In its recent front-page editorial about the mass shooting in San Bernardino, California, the NY Times editorial Board stated:

[M]otives do not matter to the dead in California, nor did they in Colorado, Oregon, South Carolina, Virginia, Connecticut and far too many other places. The attention and anger of Americans should also be directed at the elected leaders whose job is to keep us safe but who place a higher premium on the money and political power of an industry dedicated to profiting from the unfettered spread of ever more powerful firearms…It is not necessary to debate the peculiar wording of the Second Amendment. No right is unlimited and immune from reasonable regulation.

There are reasonable regulations — consistent with the Second Amendment right to bear arms — that Virginia can and should adopt to reduce gun deaths.

Discussion

If a particular gun control proposal is consistent with the Second Amendment and is shown to be likely to prevent multiple future fatalities, it doesn’t matter whether it would have prevented other fatalities. The life saved could be yours.

For example, Virginia can and should close the so-called “gun show loophole.” This loophole should be closed because, under current Virginia law, background checks that are required to be performed on people who seek to buy guns at Virginia gun stores are NOT required to be performed on people who buy guns at Virginia gun shows.

All members of the Virginia House of Delegates representing Arlington — Patrick Hope, Alfonso Lopez, Rip Sullivan, and Mark Levine — support Virginia legislation to close this loophole. An online petition supporting closing this loophole now has over 30,000 (!) signatures.
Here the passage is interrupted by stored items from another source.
lemma sum_list_weights_level_set:
  fixes "is" :: "('n::finite) list" and g :: "'n \<Rightarrow> nat"
  assumes len: "length is = d" and g: "inj g"
  shows "{ks. ks \<in> idx_lists d \<and> (\<Sum>a\<leftarrow>ks. Suc d ^ g a) = (\<Sum>a\<leftarrow>is. Suc d ^ g a)} = perm_class is"
proof (intro set_eqI iffI)
  fix ks assume "ks \<in> {ks. ks \<in> idx_lists d \<and> (\<Sum>a\<leftarrow>ks. Suc d ^ g a) = (\<Sum>a\<leftarrow>is. Suc d ^ g a)}"
  thus "ks \<in> perm_class is"
    using mset_eq_if_sum_list_weights_eq[OF _ len g] by (simp add: perm_class_def idx_lists_def)
next
  fix ks assume "ks \<in> perm_class is"
  hence m: "mset ks = mset is" by (simp add: perm_class_def)
  hence "(\<Sum>a\<leftarrow>ks. Suc d ^ g a) = (\<Sum>a\<leftarrow>is. Suc d ^ g a)"
    by (metis mset_map sum_mset_sum_list)
  thus "ks \<in> {ks. ks \<in> idx_lists d \<and> (\<Sum>a\<leftarrow>ks. Suc d ^ g a) = (\<Sum>a\<leftarrow>is. Suc d ^ g a)}"
    using m len mset_eq_length by (fastforce simp: idx_lists_def)
qed

lemma tensor_map_powers_component:
  "tensor_map d T (\<chi> a. t ^ w a) $ i = (\<Sum>ks\<in>idx_lists d. T i ks * t ^ (\<Sum>a\<leftarrow>ks. w a))"
  by (simp add: tensor_map_component monomial_powers)

text \<open>Evaluating at \<open>x = (t ^ (d + 1) ^ g a)\<^sub>a\<close> turns a component of the map into a
  univariate polynomial in \<open>t\<close> whose coefficients are sums of the tensor over permutation classes.\<close>

lemma sym_tensor_eq_zero_if_map_eq_zero:
  fixes T :: "('n::finite) ptensor"
  assumes sym: "sym_tensor d T" and zero: "\<And>x. tensor_map d T x = 0"
  shows "T = (\<lambda>_ _. 0)"
proof (intro ext)
  fix i and "is" :: "'n list"
  show "T i is = 0"
  proof (cases "length is = d")
    case False thus ?thesis using sym by (simp add: sym_tensor_length)
  next
    case True
    obtain g :: "'n \<Rightarrow> nat" where g: "inj g"
      using countable_finite[of "UNIV::'n set"] by (auto simp: countable_def)
    define e where "e xs = (\<Sum>a\<leftarrow>xs. Suc d ^ g a)" for xs
    define N where "N = Max (e ` idx_lists d)"
    have eN: "e ` idx_lists d \<subseteq> {..N}" unfolding N_def by auto
    define coeff where "coeff m = (\<Sum>ks | ks \<in> idx_lists d \<and> e ks = m. T i ks)" for m
    have "(\<Sum>m\<le>N. coeff m * t ^ m) = 0" for t :: real
    proof -
      have "(\<Sum>m\<le>N. coeff m * t ^ m)
          = (\<Sum>m\<le>N. \<Sum>ks | ks \<in> idx_lists d \<and> e ks = m. T i ks * t ^ e ks)"
        unfolding coeff_def sum_distrib_right by (intro sum.cong refl) auto
      also have "\<dots> = (\<Sum>ks\<in>idx_lists d. T i ks * t ^ e ks)"
        by (rule sum.group) (use eN in auto)
      also have "\<dots> = tensor_map d T (\<chi> a. t ^ (Suc d ^ g a)) $ i"
        unfolding tensor_map_powers_component e_def ..
      finally show ?thesis using zero by simp
    qed
    moreover have "e is \<le> N" using eN True by (auto simp: idx_lists_def)
    ultimately have "coeff (e is) = 0" using polyfun_eq_0[of coeff N] by blast
    moreover have "{ks. ks \<in> idx_lists d \<and> e ks = e is} = perm_class is"
      unfolding e_def by (rule sum_list_weights_level_set[OF True g])
    moreover have "(\<Sum>ks\<in>perm_class is. T i ks) = (\<Sum>ks\<in>perm_class is. T i is)"
      by (intro sum.cong refl sym_tensor_mset[OF sym]) (simp add: perm_class_def)
    ultimately show ?thesis using card_perm_class_pos[of "is"]
      by (simp add: coeff_def card_gt_0_iff)
  qed
qed

lemma sym_tensor_eq_if_map_eq:
  assumes T: "sym_tensor d T" and U: "sym_tensor d U" and eq: "tensor_map d T = tensor_map d U"
  shows "T = U"
proof -
  have "sym_tensor d (\<lambda>i is. T i is - U i is)"
    unfolding sym_tensor_def
  proof (intro conjI allI impI)
    fix i "is" js assume "mset is = mset (js::'a list)"
    thus "T i is - U i is = T i js - U i js"
      using sym_tensor_mset[OF T] sym_tensor_mset[OF U] by metis
  qed (simp add: sym_tensor_length[OF T] sym_tensor_length[OF U])
  moreover have "tensor_map d (\<lambda>i is. T i is - U i is) x = 0" for x
    using fun_cong[OF eq, of x]
    by (simp add: vec_eq_iff tensor_map_component left_diff_distrib sum_subtractf)
  ultimately have "(\<lambda>i is. T i is - U i is) = (\<lambda>_ _. 0)"
    by (rule sym_tensor_eq_zero_if_map_eq_zero)
  hence "T i is - U i is = 0" for i "is" by (simp add: fun_eq_iff)
  thus ?thesis by (intro ext) simp
qed

section \<open>Composition and iterates\<close>

text \<open>The composition before symmetrization: the \<open>t\<close>-th argument of \<open>G\<close> is fed by \<open>F\<close>
  evaluated on the \<open>t\<close>-th chunk of indices.\<close>

definition compose_tensor :: "nat \<Rightarrow> nat \<Rightarrow> ('n::finite) ptensor \<Rightarrow> 'n ptensor \<Rightarrow> 'n ptensor" where
  "compose_tensor q r G F i is =
     (if length is = q * r
      then (\<Sum>js\<in>idx_lists q. G i js * (\<Prod>t<q. F (js ! t) (chunk r t is))) else 0)"

lemma tensor_map_compose_tensor:
  fixes G F :: "('n::finite) ptensor"
  shows "tensor_map (q * r) (compose_tensor q r G F) x = tensor_map q G (tensor_map r F x)"
proof (intro iffD2[OF vec_eq_iff] allI)
  fix i
  have "compose_tensor q r G F i is * monomial x is
      = (\<Sum>js\<in>idx_lists q. G i js * (\<Prod>t<q. F (js ! t) (chunk r t is) * monomial x (chunk r t is)))"
    if "is \<in> idx_lists (q * r)" for "is"
    using that monomial_chunks[of "is" q r x]
    by (simp add: compose_tensor_def idx_lists_def sum_distrib_right prod.distrib mult.assoc)
  hence "tensor_map (q * r) (compose_tensor q r G F) x $ i
      = (\<Sum>js\<in>idx_lists q. G i js *
           (\<Sum>is\<in>idx_lists (q * r). \<Prod>t<q. F (js ! t) (chunk r t is) * monomial x (chunk r t is)))"
    by (simp add: tensor_map_component sum_distrib_left sum.swap[of _ "idx_lists q"] cong: sum.cong)
  also have "\<dots> = (\<Sum>js\<in>idx_lists q. G i js * (\<Prod>t<q. tensor_map r F x $ (js ! t)))"
    using sum_idx_lists_chunks[where h="\<lambda>t c. F (_ ! t) c * monomial x c"]
    by (simp add: tensor_map_component)
  also have "\<dots> = tensor_map q G (tensor_map r F x) $ i"
    by (simp add: tensor_map_def)
  finally show "tensor_map (q * r) (compose_tensor q r G F) x $ i
      = tensor_map q G (tensor_map r F x) $ i" .
qed

definition id_tensor :: "('n::finite) ptensor" where
  "id_tensor i is = (if is = [i] then 1 else 0)"

lemma sym_tensor_id_tensor: "sym_tensor 1 id_tensor"
  unfolding sym_tensor_def id_tensor_def by (auto simp: length_Suc_conv)

lemma tensor_map_id_tensor: "tensor_map 1 id_tensor = id"
proof (intro ext iffD2[OF vec_eq_iff] allI)
  fix x :: "real^'n" and i
  have "tensor_map 1 id_tensor x $ i = (\<Sum>a\<in>UNIV. id_tensor i [a] * x $ a)"
    unfolding tensor_map_component by (simp add: sum_idx_lists_Suc[where d=0, simplified])
  also have "\<dots> = (\<Sum>a\<in>UNIV. if a = i then x $ a else 0)"
    by (intro sum.cong) (auto simp: id_tensor_def)
  finally show "tensor_map 1 id_tensor x $ i = id x $ i" by simp
qed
Another significant set of gun control laws that Virginia can and should enact would tighten the criteria governing access to guns by people with documented severe mental or emotional problems. A report from the Educational Fund to Stop Gun Violence determined that of 109 domestic homicides in Virginia last year, 64 were committed with guns.

The group recommended state-level legislation, which [Governor] McAuliffe has backed, that would prohibit gun possession by anyone under a protective order or those convicted of misdemeanors related to domestic violence.

Conclusion

Even Justice Scalia has acknowledged that:

Nothing in our opinion [about Second Amendment protections] should be taken to cast doubt on longstanding prohibitions on the possession of firearms by felons and the mentally ill, or laws forbidding the carrying of firearms in sensitive places such as schools and government buildings…

All we need in Virginia is for our legislators to have the courage to legislate within the constitutional boundaries that the U.S. Supreme Court has provided to them.